Hire people that aren’t like you. Surround yourself with smart people that fill in your weaknesses. Intentionally look for people that are different or better than you in some way. This requires putting ego aside, but that’s what will allow you to build a winning team.”

Sana Biotechnology

Sana Biotechnology CEO Steve Harr. (Sana Photo)

Former Juno Therapeutics executives Hans Bishop and Steve Harr are behind Sana Biotechnology, a stealthy startup focused on cell therapy, gene therapy and gene editing.

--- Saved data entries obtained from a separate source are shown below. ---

text \<open>
  Let \<open>\<kappa>(a, b) = \<integral> (1 - exp (- a s\<^sub>1 - b s\<^sub>2)) \<rho>(ds)\<close>, so that \<open>\<psi>\<^sub>b = \<theta> \<kappa>\<close>.
  Because \<open>C\<close> and \<open>D\<close> are disjoint, the Laplace functional at \<open>u\<^sub>1 + t\<^sub>1 1\<^sub>C\<close> and
  \<open>u\<^sub>2 + t\<^sub>2 1\<^sub>D\<close> is an explicit expression in \<open>\<kappa>\<close>, \<open>G\<^sub>0(C)\<close> and \<open>G\<^sub>0(D)\<close>. Expanding
  \<open>(1 - exp (- t \<mu>\<^sub>1(C))) (1 - exp (- t \<mu>\<^sub>2(D)))\<close>, dividing by \<open>t\<^sup>2\<close> and letting \<open>t \<rightarrow> 0\<close> by monotone
  convergence shows that the inner expectation is \<open>G\<^sub>0(C) G\<^sub>0(D) \<theta>\<^sup>2 \<partial>\<^sub>1\<kappa> \<partial>\<^sub>2\<kappa> exp (- \<theta> \<kappa>)\<close>.
  Adding \<open>- \<theta> \<partial>\<^sub>1\<partial>\<^sub>2\<kappa> exp (- \<theta> \<kappa>)\<close>, whose integral over the quadrant is \<open>\<delta>\<close>, gives
  \<open>\<partial>\<^sub>1\<partial>\<^sub>2 exp (- \<theta> \<kappa>)\<close>. Its integral over the quadrant is \<open>1\<close>: \<open>exp (- \<theta> \<kappa>)\<close> is \<open>1\<close> at
  the origin and tends to \<open>0\<close> as either argument tends to infinity, since the marginal jump
  measures have infinite mass.
\<close>

section \<open>Analysis under the integral sign\<close>

lemma integral_dominated_convergence_eventually:
  fixes s :: "nat \<Rightarrow> 'a \<Rightarrow> real" and f w :: "'a \<Rightarrow> real"
  assumes "f \<in> borel_measurable M" "integrable M w"
    and lim: "AE x in M. (\<lambda>i. s i x) \<longlonglongrightarrow> f x"
    and bound: "\<forall>\<^sub>F i in sequentially. s i \<in> borel_measurable M \<and> (AE x in M. norm (s i x) \<le> w x)"
  shows "(\<lambda>i. integral\<^sup>L M (s i)) \<longlonglongrightarrow> integral\<^sup>L M f"
proof -
  from bound obtain N
    where N: "\<And>n. N \<le> n \<Longrightarrow> s n \<in> borel_measurable M \<and> (AE x in M. norm (s n x) \<le> w x)"
    by (auto simp: eventually_sequentially)
  show ?thesis
  proof (rule LIMSEQ_offset[where k=N], rule integral_dominated_convergence[where w=w])
    show "AE x in M. (\<lambda>n. s (n + N) x) \<longlonglongrightarrow> f x"
      using lim by eventually_elim (rule LIMSEQ_ignore_initial_segment)
  qed (use assms N in auto)
qed

lemma integral_dominated_convergence_within:
  fixes h :: "real \<Rightarrow> 'a \<Rightarrow> real" and h0 w :: "'a \<Rightarrow> real"
  assumes "h0 \<in> borel_measurable M" "integrable M w"
    and lim: "AE s in M. ((\<lambda>y. h y s) \<longlongrightarrow> h0 s) (at x within S)"
    and bound: "\<forall>\<^sub>F y in at x within S. h y \<in> borel_measurable M \<and> (AE s in M. norm (h y s) \<le> w s)"
  shows "((\<lambda>y. integral\<^sup>L M (h y)) \<longlongrightarrow> integral\<^sup>L M h0) (at x within S)"
  unfolding tendsto_at_iff_sequentially comp_def
proof (intro allI impI)
  fix X :: "nat \<Rightarrow> real"
  assume "\<forall>i. X i \<in> S - {x}" "X \<longlonglongrightarrow> x"
  then have X: "filterlim X (at x within S) sequentially"
    by (auto simp: filterlim_at)
  show "(\<lambda>i. integral\<^sup>L M (h (X i))) \<longlonglongrightarrow> integral\<^sup>L M h0"
  proof (rule integral_dominated_convergence_eventually[where w=w])
    show "AE s in M. (\<lambda>i. h (X i) s) \<longlonglongrightarrow> h0 s"
      using lim by eventually_elim (rule filterlim_compose[OF _ X])
    show "\<forall>\<^sub>F i in sequentially. h (X i) \<in> borel_measurable M \<and> (AE s in M. norm (h (X i) s) \<le> w s)"
      using filterlim_iff[THEN iffD1, OF X, rule_format, OF bound] .
  qed (use assms in auto)
qed

lemma integral_dominated_convergence_at_right_0:
  fixes h :: "real \<Rightarrow> 'a \<Rightarrow> real" and w :: "'a \<Rightarrow> real"
  assumes meas: "\<And>y. h y \<in> borel_measurable M" and "integrable M w"
    and lim: "AE s in M. ((\<lambda>y. h y s) \<longlongrightarrow> h 0 s) (at_right 0)"
    and bound: "\<And>y. 0 < y \<Longrightarrow> y < 1 \<Longrightarrow> AE s in M. norm (h y s) \<le> w s"
  shows "((\<lambda>y. integral\<^sup>L M (h y)) \<longlongrightarrow> integral\<^sup>L M (h 0)) (at_right 0)"
proof (rule integral_dominated_convergence_within[OF meas assms(2) lim])
  show "\<forall>\<^sub>F y in at_right 0. h y \<in> borel_measurable M \<and> (AE s in M. norm (h y s) \<le> w s)"
    by (rule eventually_at_rightI[of 0 1]) (use assms in auto)
qed
(* Assume $\operatorname{char}\widetilde K\neq2,3$. Let $A,B,C,D\in\mathbb{Z}[\alpha_1,\dots,\alpha_6]$ be the polynomials defined below (with $u=1$). Let $\omega=(\omega_1,\dots,\omega_6)\in\mathbb{R}^6$ satisfy $\omega_1<\omega_2<\omega_3<\omega_4<\omega_5<\omega_6$ (a weight vector in the relative interior of a Type (I) cell). Then $$\operatorname{in}_\omega(A)=6\alpha_4^2\alpha_5^2\alpha_6^2,\quad \operatorname{in}_\omega(B)=4\alpha_3^2\alpha_4^2\alpha_5^4\alpha_6^4,\quad \operatorname{in}_\omega(C)=8\alpha_3^2\alpha_4^4\alpha_5^6\alpha_6^6,\quad \operatorname{in}_\omega(D)=\alpha_2^2\alpha_3^4\alpha_4^6\alpha_5^8\alpha_6^{10}.$$
   Context: Here $\widetilde K$ is the residue field of the underlying non-Archimedean field. Set $\Delta_{ij}=(\alpha_i-\alpha_j)^2$. $A=\sum\Delta_{ij}\Delta_{kl}\Delta_{mn}$ over the 15 partitions $\{\{i,j\},\{k,l\},\{m,n\}\}$ of $\{1,\dots,6\}$ into pairs; $B=\sum(\Delta_{ij}\Delta_{jk}\Delta_{ki})(\Delta_{lm}\Delta_{mn}\Delta_{nl})$ over the 10 partitions $\{\{i,j,k\},\{l,m,n\}\}$ into two triples; $C=\sum(\Delta_{ij}\Delta_{jk}\Delta_{ki})(\Delta_{lm}\Delta_{mn}\Delta_{nl})(\Delta_{il}\Delta_{jm}\Delta_{kn})$ over the 60 choices of a partition into two triples $\{i,j,k\},\{l,m,n\}$ together with a bijective pairing $\{\{i,l\},\{j,m\},\{k,n\}\}$ between them; $D=\prod_{i<j}\Delta_{ij}$. For a polynomial $P$ and $\omega\in\mathbb{R}^6$, $\operatorname{in}_\omega(P)$ is the sum of the terms $c\,\alpha^m$ of $P$ for which $\langle\omega,m\rangle$ is maximal. *)

theory Defs
  imports "HOL-Library.Poly_Mapping" Complex_Main
begin

text \<open>Multivariate polynomials in the variables alpha_1, ..., alpha_6 with coefficients
in a type 'a: finitely supported maps from monomials (exponent vectors, finitely
supported maps nat to nat) to coefficients.\<close>

type_synonym 'a mpoly = "(nat \<Rightarrow>\<^sub>0 nat) \<Rightarrow>\<^sub>0 'a"

definition Var :: "nat \<Rightarrow> 'a::comm_ring_1 mpoly" where
  "Var i = Poly_Mapping.single (Poly_Mapping.single i 1) 1"

definition Delta :: "nat set \<Rightarrow> 'a::comm_ring_1 mpoly" where
  "Delta b = (Var (Min b) - Var (Max b))^2"

definition Idx :: "nat set" where "Idx = {1..6}"

definition block_partitions :: "nat \<Rightarrow> nat set set set" where
  "block_partitions k = {P. \<Union>P = Idx \<and> (\<forall>b\<in>P. card b = k)
                          \<and> (\<forall>b\<in>P. \<forall>c\<in>P. b \<noteq> c \<longrightarrow> b \<inter> c = {})}"

definition pair_partitions :: "nat set set set" where
  "pair_partitions = block_partitions 2"

definition triple_partitions :: "nat set set set" where
  "triple_partitions = block_partitions 3"

definition triDelta :: "nat set \<Rightarrow> 'a::comm_ring_1 mpoly" where
  "triDelta T = (\<Prod>b\<in>{b. b \<subseteq> T \<and> card b = 2}. Delta b)"

text \<open>Bijective pairings between the two triples of a triple partition P:
  pair partitions of {1..6} each of whose pairs meets every triple of P in one element.\<close>
definition pairings :: "nat set set \<Rightarrow> nat set set set" where
  "pairings P = {M \<in> pair_partitions. \<forall>m\<in>M. \<forall>T\<in>P. card (m \<inter> T) = 1}"

definition polyA :: "'a::comm_ring_1 mpoly" where
  "polyA = (\<Sum>P\<in>pair_partitions. \<Prod>b\<in>P. Delta b)"

definition polyB :: "'a::comm_ring_1 mpoly" where
  "polyB = (\<Sum>P\<in>triple_partitions. \<Prod>T\<in>P. triDelta T)"

definition polyC :: "'a::comm_ring_1 mpoly" where
  "polyC = (\<Sum>P\<in>triple_partitions. \<Sum>M\<in>pairings P.
              (\<Prod>T\<in>P. triDelta T) * (\<Prod>b\<in>M. Delta b))"

definition polyD :: "'a::comm_ring_1 mpoly" where
  "polyD = (\<Prod>b\<in>{b. b \<subseteq> Idx \<and> card b = 2}. Delta b)"

definition wt :: "(nat \<Rightarrow> real) \<Rightarrow> (nat \<Rightarrow>\<^sub>0 nat) \<Rightarrow> real" where
  "wt \<omega> m = (\<Sum>i\<in>Poly_Mapping.keys m. \<omega> i * real (Poly_Mapping.lookup m i))"

definition initial_form :: "(nat \<Rightarrow> real) \<Rightarrow> 'a::comm_ring_1 mpoly \<Rightarrow> 'a mpoly" where
  "initial_form \<omega> P = Abs_poly_mapping (\<lambda>m.
      if m \<in> Poly_Mapping.keys P \<and> wt \<omega> m = Max (wt \<omega> ` Poly_Mapping.keys P) then Poly_Mapping.lookup P m else 0)"

end

theory Submission
  imports Defs
begin

text \<open>For \<omega> 1 < \<dots> < \<omega> 6 the leading term of Delta {i, j} = (\<alpha> i - \<alpha> j)^2 with i < j
  is \<alpha> j^2, all other terms having strictly smaller weight, and the leading term of a product is
  the product of the leading terms.  Unfolding the partitions of {1, \<dots>, 6} recursively writes
  A, B, C and D as explicit sums of products of Delta's.  In each sum the summands attaining the
  largest leading weight all have the same leading monomial, and there are 6, 4, 8 and 1 of them
  respectively; every other summand lies strictly below it for every increasing \<omega>.  The
  hypotheses on the characteristic only ensure that these coefficients do not vanish.\<close>

lemma wt_eq_sum_superset:
  assumes "finite S" "Poly_Mapping.keys m \<subseteq> S"
  shows "wt \<omega> m = (\<Sum>i\<in>S. \<omega> i * real (Poly_Mapping.lookup m i))"
  unfolding wt_def
  by (rule sum.mono_neutral_left) (use assms in \<open>auto simp: in_keys_iff\<close>)

lemma wt_add: "wt \<omega> (a + b) = wt \<omega> a + wt \<omega> b"
proof -
  let ?S = "Poly_Mapping.keys a \<union> Poly_Mapping.keys b"
  have fin: "finite ?S" by simp
  have "wt \<omega> (a + b) = (\<Sum>i\<in>?S. \<omega> i * real (Poly_Mapping.lookup (a + b) i))"
    by (rule wt_eq_sum_superset[OF fin]) (rule keys_add)
  also have "\<dots> = (\<Sum>i\<in>?S. \<omega> i * real (Poly_Mapping.lookup a i))
                 + (\<Sum>i\<in>?S. \<omega> i * real (Poly_Mapping.lookup b i))"
    by (simp add: lookup_add algebra_simps sum.distrib)
  also have "\<dots> = wt \<omega> a + wt \<omega> b"
    by (simp add: wt_eq_sum_superset[OF fin, symmetric])
  finally show ?thesis .
qed

lemma wt_single: "wt \<omega> (Poly_Mapping.single i n) = \<omega> i * real n"
  unfolding wt_def by auto

lemma wt_zero [simp]: "wt \<omega> 0 = 0"
  unfolding wt_def by simp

Backed by ARCH Venture Partners, Flagship Pioneering and F-Prime Capital Partners, the company has an experienced leadership team that previously co-founded Juno, another Seattle biotech startup that was sold to Celgene last year for $9 billion. Sana is reportedly working on a Series A funding round with the goal of raising between $800 million and $1 billion, according to Axios.

What’s your secret sauce?

Sana CEO Steve Harr: “Sana focuses on the most challenging issues in understanding how to engineer biology to make important medicines. This vision and willingness to tackle big problems has attracted a unique and talented group of people, who are Sana’s secret sauce.”

What are one or two pieces of advice for other entrepreneurs?

Harr: “Companies are a combination of people, technology/opportunity, and capital. Great people attract great people. Great people attract and develop great technologies. Great people find great capital. Surround yourself with great people!”